Discrimination does not know skin colour, it can make anyone its victim. In the short stories “A Teacher’s Reward” by Robert Phillips and “Long, Long After School” by Ernest Buckler, there are two characters who have been victims of discrimination when they were in school. One of them by his teacher, and the other one by other students. People are the product of their surroundings, and when one is being discriminated against or being bullied, it will affect their future in a very negative way –no matter who they may be.

In “A Teacher’s Reward”, Raybe was bullied by his teacher because of his financial conditions, therefore, his classmates would not accept him as a friend. Raybe explains how Miss Scofield treated him too harshly when he was in class because he did not have the money that the other kids had. He would even get blamed for things that he had not done because of the prejudice that existed against him. Raybe explains to Miss Scofield, “Because you picked on me all the time. Made me out worse than I was. You never gave me the chance that the others had… And you always told me I was dirty. Just because my aunt couldn’t keep me in clean shirts like some of the others. You punished me for everything that happened,’’ ( P. 386, Philips). This is evidence that Miss Scofield bullied Raybe. He then goes on,   “The other kids left me out of things because you were always saying I was bad” (P.386, Philips). That means that because of how Miss Scofield treated him, the other kids would not become his friend, and her treatment turned him into an outcast.

In “Long, Long After School”, Wes, the main character is often bullied by other kids because of his skin colour, but unlike Raybe, he had Miss Tretheway as his supporter. There were many times when other kids made fun of Wes, or bullied him because of his skin colour. Like when “[The girl] wouldn’t take my hand. She said ‘Your hands are dirty’” (P. 50,Buckler). This shows that Wes was bullied because of his skin colour. However, unlike Raybe’s teacher, Miss Tretheway was kind to Wes, and would confront the bullies. When Wes was called dirty be the girl, Miss Tretheway said, “‘Why, Marilyn, Wes’s hands are much cleaner than yours. Maybe Wes doesn’t like to get his hands dirty,’” (P.50 Buckler). By defending Wes in situations like that, he made felt more comfortable in his skin, and made the bullies ashamed of themselves. Miss Tretheway kindness, made the other kids’ harsh treatment less hurtful.

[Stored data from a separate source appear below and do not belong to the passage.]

lemma confluence_closed_uwalk:
  assumes "confluence G i j p q"
  obtains vs where "uwalk G (vs @ [hd vs]) (p @ rev q)"
    and "vs \<noteq> []" "distinct vs" "set vs \<subseteq> verts G"
proof -
  have p: "apath i p j" and q: "apath i q j"
    and meet: "set (awalk_verts i p) \<inter> set (awalk_verts i q) \<subseteq> {i, j}"
    using assms by (auto simp: confluence_def)
  let ?Vp = "awalk_verts i p" and ?Vq = "awalk_verts i q"
  have cas: "cas i p j" "cas i q j" using p q by (auto simp: apath_def awalk_def)
  have Vp: "butlast ?Vp @ [j] = ?Vp" "hd ?Vp = i" "distinct ?Vp"
    using p awhd_if_cas[OF cas(1)] awlast_if_cas[OF cas(1)] append_butlast_last_id[of ?Vp]
    by (auto simp: apath_def)
  have Vq: "i # tl ?Vq = ?Vq" "j # tl (rev ?Vq) = rev ?Vq" "distinct ?Vq"
    using q awhd_if_cas[OF cas(2)] awlast_if_cas[OF cas(2)] hd_Cons_tl[of ?Vq]
      hd_Cons_tl[of "rev ?Vq"] by (auto simp: apath_def hd_rev)
  have setVp: "set ?Vp = insert j (set (butlast ?Vp))"
    using Vp(1) by (metis Un_commute empty_set insert_is_Un list.simps(15) set_append)
  have setVq: "set ?Vq = insert i (set (tl ?Vq))" using Vq(1) by (metis list.simps(15))
  define vs where "vs = butlast ?Vp @ rev (tl ?Vq)"
  have "butlast ?Vp \<noteq> []" using confluence_nonempty[OF assms]
    by (metis length_butlast length_awalk_verts diff_Suc_1 length_0_conv)
  then have ne: "vs \<noteq> []" and hd: "hd vs = i" unfolding vs_def by (simp, metis Vp(1,2) hd_append2)
  have "uwalk G ?Vp p" "uwalk G (last ?Vp # tl (rev ?Vq)) (rev q)"
    using uwalk_awalk_verts[OF cas(1)] uwalk_rev[OF uwalk_awalk_verts[OF cas(2)]]
      Vq(2) awlast_if_cas[OF cas(1)] by auto
  then have walk: "uwalk G (?Vp @ tl (rev ?Vq)) (p @ rev q)" by (rule uwalk_append)
  have closed: "?Vp @ tl (rev ?Vq) = vs @ [hd vs]"
  proof -
    have glue: "?Vp @ tl (rev ?Vq) = butlast ?Vp @ rev ?Vq"
      using Vp(1) Vq(2) by (metis append_Cons append_assoc self_append_conv2)
    have "rev ?Vq = rev (tl ?Vq) @ [i]" using Vq(1) by (metis rev.simps(2))
    then show ?thesis using hd unfolding glue vs_def by simp
  qed
  have "distinct vs"
  proof -
    have "j \<notin> set (butlast ?Vp)"
      using Vp(1,3) by (metis distinct_append disjoint_iff list.set_intros(1))
    moreover have "i \<notin> set (tl ?Vq)" using Vq(1,3) by (metis distinct.simps(2))
    ultimately have "set (butlast ?Vp) \<inter> set (tl ?Vq) = {}" using meet setVp setVq by blast
    then show ?thesis using Vp(3) Vq(3) unfolding vs_def by (simp add: distinct_butlast distinct_tl)
  qed
  moreover have "set vs \<subseteq> verts G"
    using p q awalk_verts_in_verts setVp setVq unfolding vs_def apath_def awalk_def by auto
  ultimately show ?thesis using that ne walk unfolding closed by simp
qed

Although Wes had Miss Tretheway as his supporter, he did not turn out to have a normal life, just how Raybe did not have a normal life. When Miss Scofield asks Raybe about his occupation he says that he has “been into prison”(P.387Philips). Therefore, it can be concluded that Raybe did not live a normal life, and had become a fugitive. In “Long, Long After School” The Narrator describes Wes as an outcast by saying “I should say that Wes is our local ‘Character’. His tiny house up behind the ball park is furnished with almost nothing but books,” (P. 48, Buckler). When the narrator describes Wes as their “Local Character”, it gives the reader the impression that Wes is not welcomed as a normal person to their communities, therefore he is treated as an outcast. As visible, neither Wes or Raybe did not have a life like the other students had, because they were the victims of discrimination.

At last, it is the people’s treatment that can form a human’s way of living, and if the people around  a person , or at least, most of them do not show love to the person, it will affect their future. Just how Raybe and Wes were bullied in school and none of them turned out to have a normal life because Raybe was thrown in jail, and Wes was known as a weirdo in his town. People need to learn that their actions have consequences. They may not see or feel those consequences in their own life, but other people can become a victim to their cruelness, and it can affect them for their whole lives.